Task> Search the data for the string "sigma" and copy each line where it turns up.

Records shown>

(* Let $E\in(-2,2)$, $k=\arccos(-E/2)\in(0,\pi)$, let $w_\sigma$ be a compactly supported real random variable on a probability space $(\Sigma,\mathbb P)$, let $\delta\in\mathbb R$, and let $$T^{\epsilon,\delta}_\sigma=\begin{pmatrix}e^{-\imath k}&0\\0&e^{\imath k}\end{pmatrix}\exp\Big[\frac{\imath\delta+\epsilon w_\sigma}{2\sin(k)}(B_2+B_3)\Big].$$ If $\epsilon\ne0$ and the support of $w_\sigma$ contains more than one point, then the support of $T^{\epsilon,\delta}_\sigma$ is strongly irreducible, i.e. every finite set $F\subset\overline{\mathbb C}$ satisfies $\mathrm{supp}(T^{\epsilon,\delta}_\sigma)\cdot F\not\subset F$.
   Context: $B_2=\begin{pmatrix}0&\imath\\-\imath&0\end{pmatrix}$, $B_3=\begin{pmatrix}\imath&0\\0&-\imath\end{pmatrix}$. For $T=\begin{pmatrix}a&b\\c&d\end{pmatrix}$ with $\det T=1$, the Möbius action on $\overline{\mathbb C}=\mathbb C\cup\{\infty\}$ is $T\cdot z=\frac{az+b}{cz+d}$; $\mathrm{supp}(T^{\epsilon,\delta}_\sigma)$ is the support of the distribution of the random matrix, and $\mathrm{supp}(T^{\epsilon,\delta}_\sigma)\cdot F=\{T\cdot z:T\in\mathrm{supp}(T^{\epsilon,\delta}_\sigma),z\in F\}$. (These matrices are the single-site Anderson transfer matrices at energy $E+\epsilon(\cdot)-\imath\delta$ after the basis change to $\mathrm{SU}(1,1)$ form.) *)

theory Defs
  imports "HOL-Probability.Probability"
begin

definition msupport :: "'a::topological_space measure \<Rightarrow> 'a set" where
  "msupport N = {x. \<forall>U. open U \<longrightarrow> x \<in> U \<longrightarrow> emeasure N U > 0}"

type_synonym cmat2 = "complex^2^2"

definition cmscale :: "complex \<Rightarrow> cmat2 \<Rightarrow> cmat2" where
  "cmscale c A = (\<chi> i j. c * A $ i $ j)"

fun mpow :: "cmat2 \<Rightarrow> nat \<Rightarrow> cmat2" where
  "mpow A 0 = mat 1"
| "mpow A (Suc n) = A ** mpow A n"

definition mexp :: "cmat2 \<Rightarrow> cmat2" where
  "mexp A = (\<Sum>n. (1 / fact n) *\<^sub>R mpow A n)"

definition mk2 :: "complex \<Rightarrow> complex \<Rightarrow> complex \<Rightarrow> complex \<Rightarrow> cmat2" where
  "mk2 a b c d = vector [vector [a, b], vector [c, d]]"

definition B2 :: cmat2 where "B2 = mk2 0 \<i> (-\<i>) 0"
definition B3 :: cmat2 where "B3 = mk2 \<i> 0 0 (-\<i>)"

text \<open>Extended complex plane: None = \<infinity>. Moebius action.\<close>
fun mob_act :: "cmat2 \<Rightarrow> complex option \<Rightarrow> complex option" where
  "mob_act T (Some z) =
     (if T$2$1 * z + T$2$2 = 0 then None
      else Some ((T$1$1 * z + T$1$2) / (T$2$1 * z + T$2$2)))"
| "mob_act T None = (if T$2$1 = 0 then None else Some (T$1$1 / T$2$1))"

definition transfer :: "real \<Rightarrow> real \<Rightarrow> real \<Rightarrow> real \<Rightarrow> cmat2" where
  "transfer E \<epsilon> \<delta> w =
     (let k = arccos (- E / 2) in
      mk2 (cis (-k)) 0 0 (cis k) **
      mexp (cmscale ((\<i> * complex_of_real \<delta> + complex_of_real (\<epsilon> * w)) / complex_of_real (2 * sin k))
                    (B2 + B3)))"

end

theory Submission
  imports Defs
begin

(*
  The transfer matrix factors as diag(q, r) exp(c N) with q = e^{-ik}, r = e^{ik} and
  N = B2 + B3 nilpotent, so exp(c N) = I + c N. In the coordinate y = 1/(z + 1) the factor
  I + c N acts on the Riemann sphere as the translation y \<mapsto> y - i c, while diag(q, r) is
  z \<mapsto> q^2 z. Let F be a finite set invariant under the matrices of two distinct points
  a, b of the support of w; since epsilon \<noteq> 0 they have distinct parameters c_a, c_b.
  Being injective, the map of b permutes F, so composing the map of a with its inverse
  translates the finite part of y(F) by i (c_b - c_a) \<noteq> 0. Hence y(F) = {\<infinity>}, i.e. F = {-1}.
  But -1 is mapped to -q^2 = -e^{-2ik} \<noteq> -1 because 0 < k < pi.
  Only two points of the support are used: neither the normalisation of the measure nor the
  compactness of the support plays a role.
*)

lemma mk2_nth [simp]:
  "mk2 a b c d $ 1 $ 1 = a" "mk2 a b c d $ 1 $ 2 = b" "mk2 a b c d $ 2 $ 1 = c" "mk2 a b c d $ 2 $ 2 = d"
  by (simp_all add: mk2_def)

lemma mpow_eq_0_if_square_eq_0:
  assumes "X ** X = 0"
  shows "mpow X (Suc (Suc n)) = 0"
proof -
  have "mpow X (Suc (Suc n)) = (X ** X) ** mpow X n"
    by (simp add: matrix_mul_assoc)
  with assms show ?thesis
    by (simp add: vec_eq_iff matrix_matrix_mult_def)
qed

lemma mexp_eq_if_square_eq_0:
  assumes "X ** X = 0"
  shows "mexp X = mat 1 + X"
proof -
  have "mexp X = (\<Sum>n\<in>{0, 1}. (1 / fact n) *\<^sub>R mpow X n)"
    unfolding mexp_def
  proof (rule suminf_finite)
    fix n :: nat
    assume "n \<notin> {0, 1}"
    then obtain m where "n = Suc (Suc m)"
      by (metis insertCI not0_implies_Suc One_nat_def)
    then show "(1 / fact n) *\<^sub>R mpow X n = 0"
      using mpow_eq_0_if_square_eq_0[OF assms] by simp
  qed simp
  then show ?thesis
    by (simp add: matrix_mul_rid)
qed

definition transfer_matrix :: "complex \<Rightarrow> complex \<Rightarrow> complex \<Rightarrow> cmat2" where
  "transfer_matrix q r c =
     mk2 (q * (1 + \<i> * c)) (q * (\<i> * c)) (- (r * (\<i> * c))) (r * (1 - \<i> * c))"

lemma diag_mult_mexp_B2_B3:
  "mk2 q 0 0 r ** mexp (cmscale c (B2 + B3)) = transfer_matrix q r c"
proof -
  have "cmscale c (B2 + B3) ** cmscale c (B2 + B3) = 0"
    by (simp add: vec_eq_iff forall_2 matrix_matrix_mult_def sum_2 B2_def B3_def cmscale_def)
  then show ?thesis
    by (simp add: mexp_eq_if_square_eq_0 vec_eq_iff forall_2 matrix_matrix_mult_def sum_2
        B2_def B3_def transfer_matrix_def cmscale_def mat_def)
qed

lemma continuous_on_transfer_matrix: "continuous_on UNIV (transfer_matrix q r)"
proof -
  have "continuous_on UNIV (\<lambda>c. transfer_matrix q r c $ i $ j)" for i j
    using exhaust_2[of i] exhaust_2[of j]
    by (elim disjE; simp add: transfer_matrix_def; intro continuous_intros)
  then have "continuous_on UNIV (\<lambda>c. \<chi> i j. transfer_matrix q r c $ i $ j)"
    by (intro continuous_on_vec_lambda)
  then show ?thesis
    by simp
qed

lemma continuous_on_transfer: "continuous_on UNIV (transfer E \<epsilon> \<delta>)"
  unfolding transfer_def Let_def diag_mult_mexp_B2_B3 divide_inverse
  by (intro continuous_on_compose2[OF continuous_on_transfer_matrix] continuous_intros) auto

text \<open>The coordinate \<open>y = 1/(z + 1)\<close>, in which \<^term>\<open>B2 + B3\<close> generates translations.\<close>

fun ext_recip_succ :: "complex option \<Rightarrow> complex option" where
  "ext_recip_succ None = Some 0"
| "ext_recip_succ (Some z) = (if z = -1 then None else Some (1 / (z + 1)))"

fun ext_translate :: "complex \<Rightarrow> complex option \<Rightarrow> complex option" where
  "ext_translate s None = None"
| "ext_translate s (Some v) = Some (v + s)"

fun ext_dilate_recip_pred :: "complex \<Rightarrow> complex option \<Rightarrow> complex option" where
  "ext_dilate_recip_pred a None = Some (- a)"
| "ext_dilate_recip_pred a (Some v) = (if v = 0 then None else Some (a * (1 / v - 1)))"

lemma ext_recip_succ_eq_None_iff: "ext_recip_succ p = None \<longleftrightarrow> p = Some (- 1)"
  by (cases p) auto

lemma inj_ext_recip_succ: "inj ext_recip_succ"
proof (rule injI)
  fix x y
  assume "ext_recip_succ x = ext_recip_succ y"
  then show "x = y"
    by (cases x; cases y) (auto split: if_splits simp: field_simps add_eq_0_iff2)
qed

lemma inj_ext_translate: "inj (ext_translate s)"
proof (rule injI)
  fix x y
  assume "ext_translate s x = ext_translate s y"
  then show "x = y"
    by (cases x; cases y) auto
qed

lemma inj_ext_dilate_recip_pred:
  assumes "a \<noteq> 0"
  shows "inj (ext_dilate_recip_pred a)"
proof (rule injI)
  fix x y
  assume "ext_dilate_recip_pred a x = ext_dilate_recip_pred a y"
  with assms show "x = y"
    by (cases x; cases y) (auto split: if_splits simp: field_simps)
qed

lemma mob_act_transfer_matrix:
  assumes "q * r = 1"
  shows "mob_act (transfer_matrix q r c) =
           ext_dilate_recip_pred (q\<^sup>2) \<circ> ext_translate (- (\<i> * c)) \<circ> ext_recip_succ"
proof
  fix p
  have "q \<noteq> 0"
    using assms by auto
  then have "r \<noteq> 0" and r: "r = 1 / q"
    using assms by (auto simp: field_simps)
  show "mob_act (transfer_matrix q r c) p =
          (ext_dilate_recip_pred (q\<^sup>2) \<circ> ext_translate (- (\<i> * c)) \<circ> ext_recip_succ) p"
  proof (cases "p = None \<or> p = Some (- 1)")
    case True
    with \<open>r \<noteq> 0\<close> show ?thesis
      unfolding r by (auto simp: transfer_matrix_def field_simps power2_eq_square)
  next
    case False
    then obtain z where "z + 1 \<noteq> 0" and "p = Some z"
      by (cases p) (auto simp: add_eq_0_iff2)
    then obtain y where "y \<noteq> 0" and "p = Some (1 / y - 1)"
      by (intro that[of "1 / (z + 1)"]) (auto simp: field_simps)
    with \<open>r \<noteq> 0\<close> show ?thesis
      unfolding r
      by (cases "y = \<i> * c") (auto simp: transfer_matrix_def field_simps power2_eq_square)
  qed
qed

lemma finite_translation_closed_eq_empty:
  fixes S :: "'a :: {idom, ring_char_0} set"
  assumes "finite S" and "d \<noteq> 0" and closed: "\<And>v. v \<in> S \<Longrightarrow> v + d \<in> S"
  shows "S = {}"
proof (rule ccontr)
  assume "S \<noteq> {}"
  then obtain v where "v \<in> S"
    by blast
  have orbit: "v + of_nat n * d \<in> S" for n
  proof (induction n)
    case 0
    show ?case using \<open>v \<in> S\<close> by simp
  next
    case (Suc n)
    then have "v + of_nat n * d + d \<in> S"
      by (rule closed)
    then show ?case
      by (simp add: algebra_simps)
  qed
  have "inj (\<lambda>n. v + of_nat n * d)"
    using \<open>d \<noteq> 0\<close> by (auto simp: inj_def)
  with orbit \<open>finite S\<close> show False
    by (metis finite_subset image_subsetI range_inj_infinite)
qed

lemma finite_invariant_imp_dilation_eq_1:
  fixes F :: "complex option set"
  assumes "finite F" and "F \<noteq> {}" and "a \<noteq> 0" and "s \<noteq> t"
    and inv_s: "(ext_dilate_recip_pred a \<circ> ext_translate s \<circ> ext_recip_succ) ` F \<subseteq> F"
    and inv_t: "(ext_dilate_recip_pred a \<circ> ext_translate t \<circ> ext_recip_succ) ` F \<subseteq> F"
  shows "a = 1"
proof -
  let ?G = "\<lambda>s. ext_dilate_recip_pred a \<circ> ext_translate s \<circ> ext_recip_succ"
  have "inj (?G t)"
    using inj_ext_dilate_recip_pred[OF \<open>a \<noteq> 0\<close>] inj_ext_translate inj_ext_recip_succ
    by (intro inj_compose)
  then have onto_t: "?G t ` F = F"
    using endo_inj_surj[OF \<open>finite F\<close> inv_t] inj_on_subset by blast
  define S where "S = Some -` ext_recip_succ ` F"
  have "S = {}"
  proof (rule finite_translation_closed_eq_empty)
    show "finite S"
      unfolding S_def using \<open>finite F\<close> by (intro finite_vimageI) auto
    show "s - t \<noteq> 0"
      using \<open>s \<noteq> t\<close> by simp
    fix v
    assume "v \<in> S"
    then obtain p where "p \<in> F" and p: "ext_recip_succ p = Some v"
      unfolding S_def by auto
    then obtain p' where "p' \<in> F" and "?G s p = ?G t p'"
      using inv_s onto_t by blast
    then have "ext_translate s (ext_recip_succ p) = ext_translate t (ext_recip_succ p')"
      by (simp only: comp_apply inj_eq[OF inj_ext_dilate_recip_pred[OF \<open>a \<noteq> 0\<close>]])
    then have "ext_recip_succ p' = Some (v + (s - t))"
      using p by (cases "ext_recip_succ p'") (auto simp: algebra_simps)
    with \<open>p' \<in> F\<close> show "v + (s - t) \<in> S"
      unfolding S_def by (metis imageI vimageI2)
  qed
  have "ext_recip_succ p = None" if "p \<in> F" for p
    using that \<open>S = {}\<close> unfolding S_def by (metis empty_iff imageI not_None_eq vimageI2)
  then have "F \<subseteq> {Some (- 1)}"
    by (auto simp: ext_recip_succ_eq_None_iff)
  with \<open>F \<noteq> {}\<close> have "Some (- 1) \<in> F"
    by blast
  then have "?G s (Some (- 1)) \<in> F"
    using inv_s by blast
  with \<open>F \<subseteq> {Some (- 1)}\<close> show "a = 1"
    by auto
qed

lemma continuous_image_msupport_distr:
  fixes w :: "'s \<Rightarrow> 'a :: topological_space" and g :: "'a \<Rightarrow> 'b :: topological_space"
  assumes w: "w \<in> borel_measurable M" and g: "continuous_on UNIV g"
  shows "g ` msupport (distr M borel w) \<subseteq> msupport (distr M borel (\<lambda>s. g (w s)))"
proof (clarsimp simp: msupport_def)
  fix x U
  assume x: "\<forall>U. open U \<longrightarrow> x \<in> U \<longrightarrow> 0 < emeasure (distr M borel w) U"
    and U: "open U" "g x \<in> U"
  have gw: "(\<lambda>s. g (w s)) \<in> borel_measurable M"
    using measurable_compose[OF w borel_measurable_continuous_onI[OF g]] by (simp add: o_def)
  have V: "open (g -` U)"
    using g U(1) by (simp add: continuous_on_open_vimage)
  have "emeasure (distr M borel (\<lambda>s. g (w s))) U = emeasure M (w -` (g -` U) \<inter> space M)"
    using gw U(1) by (simp add: emeasure_distr vimage_def)
  also have "\<dots> = emeasure (distr M borel w) (g -` U)"
    using w V by (simp add: emeasure_distr)
  finally show "0 < emeasure (distr M borel (\<lambda>s. g (w s))) U"
    using x V U(2) by simp
qed

theorem proposition5:
  fixes M :: "'s measure" and w :: "'s \<Rightarrow> real" and E \<epsilon> \<delta> :: real
  assumes "prob_space M"
    and "w \<in> borel_measurable M"
    and "compact (msupport (distr M borel w))"
    and "E \<in> {-2<..<2}"
    and "\<epsilon> \<noteq> 0"
    and "\<exists>a b. a \<noteq> b \<and> a \<in> msupport (distr M borel w) \<and> b \<in> msupport (distr M borel w)"
  shows "\<forall>F :: complex option set. finite F \<and> F \<noteq> {} \<longrightarrow>
           \<not> ((\<lambda>(T, z). mob_act T z) ` (msupport (distr M borel (\<lambda>s. transfer E \<epsilon> \<delta> (w s))) \<times> F) \<subseteq> F)"
proof (intro allI impI notI)
  fix F :: "complex option set"
  assume F: "finite F \<and> F \<noteq> {}"
    and invariant: "(\<lambda>(T, z). mob_act T z) ` (msupport (distr M borel (\<lambda>s. transfer E \<epsilon> \<delta> (w s))) \<times> F) \<subseteq> F"
  obtain a b where "a \<noteq> b" and ab: "a \<in> msupport (distr M borel w)" "b \<in> msupport (distr M borel w)"
    using assms(6) by blast
  define k where "k = arccos (- E / 2)"
  have "sin k > 0"
    unfolding k_def using assms(4) arccos_lt_bounded[of "- E / 2"] by (auto intro: sin_gt_zero)
  define q where "q = cis (- k)"
  define c where "c x = (\<i> * complex_of_real \<delta> + complex_of_real (\<epsilon> * x)) / complex_of_real (2 * sin k)" for x
  have qr: "q * cis k = 1"
    unfolding q_def by (simp add: cis_mult)
  have "mob_act (transfer E \<epsilon> \<delta> x) ` F \<subseteq> F" if "x \<in> msupport (distr M borel w)" for x
    using invariant continuous_image_msupport_distr[OF assms(2) continuous_on_transfer] that
    by (auto simp: image_subset_iff)
  moreover have "transfer E \<epsilon> \<delta> x = transfer_matrix q (cis k) (c x)" for x
    by (simp add: transfer_def Let_def diag_mult_mexp_B2_B3 q_def c_def k_def)
  ultimately have invariant_at:
    "(ext_dilate_recip_pred (q\<^sup>2) \<circ> ext_translate (- (\<i> * c x)) \<circ> ext_recip_succ) ` F \<subseteq> F"
    if "x \<in> msupport (distr M borel w)" for x
    using that by (simp add: mob_act_transfer_matrix[OF qr])
  have "- (\<i> * c a) \<noteq> - (\<i> * c b)"
    using \<open>a \<noteq> b\<close> \<open>\<epsilon> \<noteq> 0\<close> \<open>sin k > 0\<close> by (simp add: c_def field_simps)
  moreover have "q\<^sup>2 \<noteq> 0"
    using qr by auto
  moreover have "q\<^sup>2 \<noteq> 1"
    unfolding power2_eq_1_iff using \<open>sin k > 0\<close> by (auto simp: q_def complex_eq_iff)
  ultimately show False
    using F invariant_at[OF ab(1)] invariant_at[OF ab(2)] finite_invariant_imp_dilation_eq_1
    by blast
qed

end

Output for this task>
(* Let $E\in(-2,2)$, $k=\arccos(-E/2)\in(0,\pi)$, let $w_\sigma$ be a compactly supported real random variable on a probability space $(\Sigma,\mathbb P)$, let $\delta\in\mathbb R$, and let $$T^{\epsilon,\delta}_\sigma=\begin{pmatrix}e^{-\imath k}&0\\0&e^{\imath k}\end{pmatrix}\exp\Big[\frac{\imath\delta+\epsilon w_\sigma}{2\sin(k)}(B_2+B_3)\Big].$$ If $\epsilon\ne0$ and the support of $w_\sigma$ contains more than one point, then the support of $T^{\epsilon,\delta}_\sigma$ is strongly irreducible, i.e. every finite set $F\subset\overline{\mathbb C}$ satisfies $\mathrm{supp}(T^{\epsilon,\delta}_\sigma)\cdot F\not\subset F$.
   Context: $B_2=\begin{pmatrix}0&\imath\\-\imath&0\end{pmatrix}$, $B_3=\begin{pmatrix}\imath&0\\0&-\imath\end{pmatrix}$. For $T=\begin{pmatrix}a&b\\c&d\end{pmatrix}$ with $\det T=1$, the Möbius action on $\overline{\mathbb C}=\mathbb C\cup\{\infty\}$ is $T\cdot z=\frac{az+b}{cz+d}$; $\mathrm{supp}(T^{\epsilon,\delta}_\sigma)$ is the support of the distribution of the random matrix, and $\mathrm{supp}(T^{\epsilon,\delta}_\sigma)\cdot F=\{T\cdot z:T\in\mathrm{supp}(T^{\epsilon,\delta}_\sigma),z\in F\}$. (These matrices are the single-site Anderson transfer matrices at energy $E+\epsilon(\cdot)-\imath\delta$ after the basis change to $\mathrm{SU}(1,1)$ form.) *)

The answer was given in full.